Compare Model Metrics. The two global models look comparable. Global 1 has lowest DIC/WAIC, but contains mutliple correlated variables. Global 2, with uncorrelated variables and all the random effects seems to be the way to go. The Linear model without any spatial or grouping effects performs the worst.

Models = c("Global 1", 
          "Model.90",
          "Model.120",
          "Model.150",
           "Non-Spatial",
           "No ID", "Linear Model")

#Deviance information criteria
S1.DICs = c(GModel.1$dic$dic, 
            Model.90$dic$dic, 
            Model.120$dic$dic,
            Model.150$dic$dic,
            Non.Spatial.mod$dic$dic, 
            No.ID.mod$dic$dic, No.Space.ID.mod$dic$dic)
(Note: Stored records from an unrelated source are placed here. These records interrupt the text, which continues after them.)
lemma means_of_exp_pair:
  fixes a b c t :: real
  assumes c: "c > 0" and t: "t > 0" and ab: "{a, b} = {c * exp t, c * exp (- t)}"
  shows "AM a b = c * cosh t" and "GM a b = c" and "LM a b = c * (sinh t / t)"
    and "IM a b = c * exp (t * cosh t / sinh t - 1)"
proof -
  define p q where "p = c * exp t" and "q = c * exp (- t)"
  have ln_p: "ln p = ln c + t" and ln_q: "ln q = ln c - t"
    unfolding p_def q_def using c by (simp_all add: ln_mult)
  have diff: "p - q = 2 * c * sinh t" and sum: "p + q = 2 * c * cosh t"
    unfolding p_def q_def sinh_field_def cosh_field_def by (simp_all add: algebra_simps)
  have "p > 0" "q > 0" unfolding p_def q_def using c by simp_all
  have AM: "AM p q = c * cosh t" unfolding AM_def sum by simp
  have "p * q = c * c" unfolding p_def q_def by (simp add: exp_minus field_simps)
  then have GM: "GM p q = c" unfolding GM_def using c by simp
  have LM: "LM p q = c * (sinh t / t)"
    unfolding LM_def ln_p ln_q diff using t by (simp add: field_simps)
  have "p * ln p - q * ln q = (p - q) * ln c + t * (p + q)"
    unfolding ln_p ln_q by (simp add: algebra_simps)
  also have "\<dots> = (p - q) * (ln c + t * cosh t / sinh t)"
    unfolding diff sum using t by (simp add: field_simps)
  finally have "(p * ln p - q * ln q) / (p - q) - 1 = ln c + (t * cosh t / sinh t - 1)"
    using diff c t by simp
  then have IM: "IM p q = c * exp (t * cosh t / sinh t - 1)"
    using c \<open>p > 0\<close> \<open>q > 0\<close> by (simp add: IM_eq_exp exp_add exp_diff)
  from ab have "a = p \<and> b = q \<or> a = q \<and> b = p"
    unfolding p_def q_def by (auto simp: doubleton_eq_iff)
  moreover have "AM q p = AM p q" "GM q p = GM p q" "LM q p = LM p q" "IM q p = IM p q"
    using IM_commute[OF \<open>p > 0\<close> \<open>q > 0\<close>] LM_commute[of p q]
    by (simp_all add: AM_def GM_def add.commute mult.commute)
  ultimately show "AM a b = c * cosh t" and "GM a b = c" and "LM a b = c * (sinh t / t)"
    and "IM a b = c * exp (t * cosh t / sinh t - 1)"
    using AM GM LM IM by auto
qed

section \<open>Inequalities between hyperbolic functions\<close>

lemma DERIV_pos_imp_pos:
  fixes f f' :: "real \<Rightarrow> real"
  assumes "(f \<longlongrightarrow> 0) (at_right 0)"
    and "\<And>x. x > 0 \<Longrightarrow> (f has_real_derivative f' x) (at x)"
    and "\<And>x. x > 0 \<Longrightarrow> f' x > 0"
    and "t > 0"
  shows "f t > 0"
proof -
  have mono: "f s < f u" if "0 < s" "s < u" for s u
  proof (rule DERIV_pos_imp_increasing[OF that(2)])
    fix x
    assume "s \<le> x"
    then show "\<exists>y. (f has_real_derivative y) (at x) \<and> 0 < y"
      using that(1) assms(2,3) by (meson less_le_trans)
  qed
  have "eventually (\<lambda>x. f x \<le> f (t / 2)) (at_right 0)"
    unfolding eventually_at_right_field
    using assms(4) mono by (intro exI[of _ "t / 2"]) (auto intro: less_imp_le)
  then have "0 \<le> f (t / 2)"
    by (rule tendsto_upperbound[OF assms(1)]) simp
  also have "f (t / 2) < f t" using mono assms(4) by simp
  finally show ?thesis .
qed

lemma cosh_plus_1_pos: "0 < cosh (x::real) + 1"
  using cosh_real_pos[of x] by linarith

lemma cosh_gt_1: "x \<noteq> 0 \<Longrightarrow> 1 < cosh (x::real)"
  using cosh_real_ge_1[of x] cosh_real_one_iff[of x] by linarith

lemma sinh_mult_sinh: "sinh x * sinh x = cosh x * cosh x - (1::real)"
  using sinh_square_eq[of x] by (simp add: power2_eq_square)

lemma sinh_gt_self:
  assumes "t > 0"
  shows "t < sinh (t::real)"
proof -
  have "0 < sinh t - t"
    by (rule DERIV_pos_imp_pos[where f = "\<lambda>x. sinh x - x" and f' = "\<lambda>x. cosh x - 1"])
      (auto intro!: derivative_eq_intros tendsto_eq_intros simp: assms cosh_gt_1)
  then show ?thesis by simp
qed

lemma sinh_lt_mult_cosh:
  assumes "t > 0"
  shows "sinh t < t * cosh (t::real)"
proof -
  have "0 < t * cosh t - sinh t"
    by (rule DERIV_pos_imp_pos[where f = "\<lambda>x. x * cosh x - sinh x" and f' = "\<lambda>x. x * sinh x"])
      (auto intro!: derivative_eq_intros tendsto_eq_intros simp: assms)
  then show ?thesis by simp
qed

lemma two_sinh_lt_mult_cosh_plus_1:
  assumes "t > 0"
  shows "2 * sinh t < t * (cosh (t::real) + 1)"
proof -
  have cosh_lt: "cosh x < 1 + x * sinh x" if "x > 0" for x :: real
  proof -
    have "0 < x * sinh x - cosh x + 1"
      by (rule DERIV_pos_imp_pos[where f = "\<lambda>x. x * sinh x - cosh x + 1" and f' = "\<lambda>x. x * cosh x"])
        (auto intro!: derivative_eq_intros tendsto_eq_intros simp: that)
    then show ?thesis by simp
  qed
  have "0 < t * (cosh t + 1) - 2 * sinh t"
    by (rule DERIV_pos_imp_pos[where f = "\<lambda>x. x * (cosh x + 1) - 2 * sinh x"
          and f' = "\<lambda>x. x * sinh x - cosh x + 1"])
      (auto intro!: derivative_eq_intros tendsto_eq_intros simp: assms cosh_lt algebra_simps)
  then show ?thesis by simp
qed

lemma ln_cosh_lt:
  assumes "t > 0"
  shows "ln (cosh t) < t * sinh t / (cosh (t::real) + 1)"
proof -
  have quotient: "(S + x) * (C + 1) / ((C + 1) * (C + 1)) - S / C = (x * C - S) / (C * (C + 1))"
    if "C > 0" for S C x :: real
  proof -
    have "C + 1 > 0" using that by simp
    then have cancel: "(S + x) * (C + 1) / ((C + 1) * (C + 1)) = (S + x) / (C + 1)" by simp
    show ?thesis unfolding cancel using that \<open>C + 1 > 0\<close> by (simp add: field_simps)
  qed
  have "0 < t * sinh t / (cosh t + 1) - ln (cosh t)"
  proof (rule DERIV_pos_imp_pos[where f = "\<lambda>x. x * sinh x / (cosh x + 1) - ln (cosh x)"
        and f' = "\<lambda>x. (x * cosh x - sinh x) / (cosh x * (cosh x + 1))"])
    fix x :: real
    assume x: "x > 0"
    have numerator: "(sinh x + cosh x * x) * (cosh x + 1) - x * sinh x * sinh x
        = (sinh x + x) * (cosh x + 1)"
      using sinh_mult_sinh[of x] by algebra
    show "((\<lambda>x. x * sinh x / (cosh x + 1) - ln (cosh x)) has_real_derivative
        (x * cosh x - sinh x) / (cosh x * (cosh x + 1))) (at x)"
      using cosh_plus_1_pos[of x]
      by (auto intro!: derivative_eq_intros) (subst numerator, rule quotient, simp)
    show "(x * cosh x - sinh x) / (cosh x * (cosh x + 1)) > 0"
      using sinh_lt_mult_cosh[OF x] cosh_plus_1_pos[of x] by simp
  qed (auto intro!: tendsto_eq_intros simp: assms cosh_plus_1_pos)
  then show ?thesis by simp
qed

lemma mult_1_plus_2cosh_lt:
  assumes "t > 0"
  shows "t * (1 + 2 * cosh t) < sinh t * (cosh (t::real) + 2)"
proof -
  have "0 < sinh t * cosh t + 2 * sinh t - t - 2 * t * cosh t"
  proof (rule DERIV_pos_imp_pos[where f = "\<lambda>x. sinh x * cosh x + 2 * sinh x - x - 2 * x * cosh x"
        and f' = "\<lambda>x. 2 * sinh x * (sinh x - x)"])
    fix x :: real
    assume x: "x > 0"
    show "((\<lambda>x. sinh x * cosh x + 2 * sinh x - x - 2 * x * cosh x) has_real_derivative
        2 * sinh x * (sinh x - x)) (at x)"
      by (auto intro!: derivative_eq_intros) (use sinh_mult_sinh[of x] in algebra)
    show "2 * sinh x * (sinh x - x) > 0" using sinh_gt_self[OF x] x by simp
  qed (auto intro!: tendsto_eq_intros simp: assms)
  then show ?thesis by (simp add: algebra_simps)
qed

lemma sq_mult_1_plus_cosh_lt:
  assumes "t > 0"
  shows "t * t * (1 + cosh t) < sinh t * sinh t + t * sinh (t::real)"
proof -
  have quotient: "S + (S + x) * (C + 1) / ((C + 1) * (C + 1)) - 2 * x
      = (S * C + 2 * S - x - 2 * x * C) / (C + 1)" if "C > 0" for S C x :: real
  proof -
    have "C + 1 > 0" using that by simp
    then have cancel: "(S + x) * (C + 1) / ((C + 1) * (C + 1)) = (S + x) / (C + 1)" by simp
    show ?thesis unfolding cancel using that \<open>C + 1 > 0\<close> by (simp add: field_simps)
  qed
  have reduced_pos: "0 < cosh t - 1 + t * sinh t / (cosh t + 1) - t * t"
  proof (rule DERIV_pos_imp_pos[where f = "\<lambda>x. cosh x - 1 + x * sinh x / (cosh x + 1) - x * x"
        and f' = "\<lambda>x. (sinh x * cosh x + 2 * sinh x - x - 2 * x * cosh x) / (cosh x + 1)"])
    fix x :: real
    assume x: "x > 0"
    have numerator: "(sinh x + cosh x * x) * (cosh x + 1) - x * sinh x * sinh x
        = (sinh x + x) * (cosh x + 1)"
      using sinh_mult_sinh[of x] by algebra
    show "((\<lambda>x. cosh x - 1 + x * sinh x / (cosh x + 1) - x * x) has_real_derivative
        (sinh x * cosh x + 2 * sinh x - x - 2 * x * cosh x) / (cosh x + 1)) (at x)"
      using cosh_plus_1_pos[of x]
      by (auto intro!: derivative_eq_intros) (subst numerator, rule quotient, simp)
    show "(sinh x * cosh x + 2 * sinh x - x - 2 * x * cosh x) / (cosh x + 1) > 0"
      using mult_1_plus_2cosh_lt[OF x] cosh_plus_1_pos[of x] by (simp add: algebra_simps)
  qed (auto intro!: tendsto_eq_intros simp: assms cosh_plus_1_pos)
  have reduced: "sinh t * sinh t + t * sinh t - t * t * (1 + cosh t)
      = (cosh t + 1) * (cosh t - 1 + t * sinh t / (cosh t + 1) - t * t)"
  proof -
    have "(cosh t + 1) * (t * sinh t / (cosh t + 1)) = t * sinh t"
      using cosh_plus_1_pos[of t] by simp
    then show ?thesis using sinh_mult_sinh[of t] by algebra
  qed
  have "0 < (cosh t + 1) * (cosh t - 1 + t * sinh t / (cosh t + 1) - t * t)"
    using cosh_plus_1_pos[of t] reduced_pos by (rule mult_pos_pos)
  then show ?thesis unfolding reduced[symmetric] by simp
qed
S1.WAICs = c(GModel.1$waic$waic, 
             Model.90$waic$waic,
             Model.120$waic$waic,
             Model.150$waic$waic,
             Non.Spatial.mod$waic$waic,
             No.ID.mod$waic$waic, No.Space.ID.mod$waic$waic)


Model_out = as.data.frame(cbind(Model = Models,
                                 DIC = round(S1.DICs, 2),
                                 WAIC = round(S1.WAICs, 2)))

kable(Model_out, caption = "Model Comparison") %>%
      kable_styling("striped", full_width = F) %>%
      row_spec(0, font_size = 20) 
Model Comparison
Model DIC WAIC
Global 1 29482.87 29493.52
Model.90 29591.44 29599.5
Model.120 29584.13 29592.39
Model.150 29586.97 29595.59
Non-Spatial 29801.66 29806.36
No ID 39495.46 39494.99
Linear Model 39562.96 39561.82

Global Model 2 (Model.90) Fixed Effect Estimates

FE.table = Model.90$summary.fixed[,c(1:3,5)]
names(FE.table) = c("Mean", "sd", "Q0.025", "Q0.975")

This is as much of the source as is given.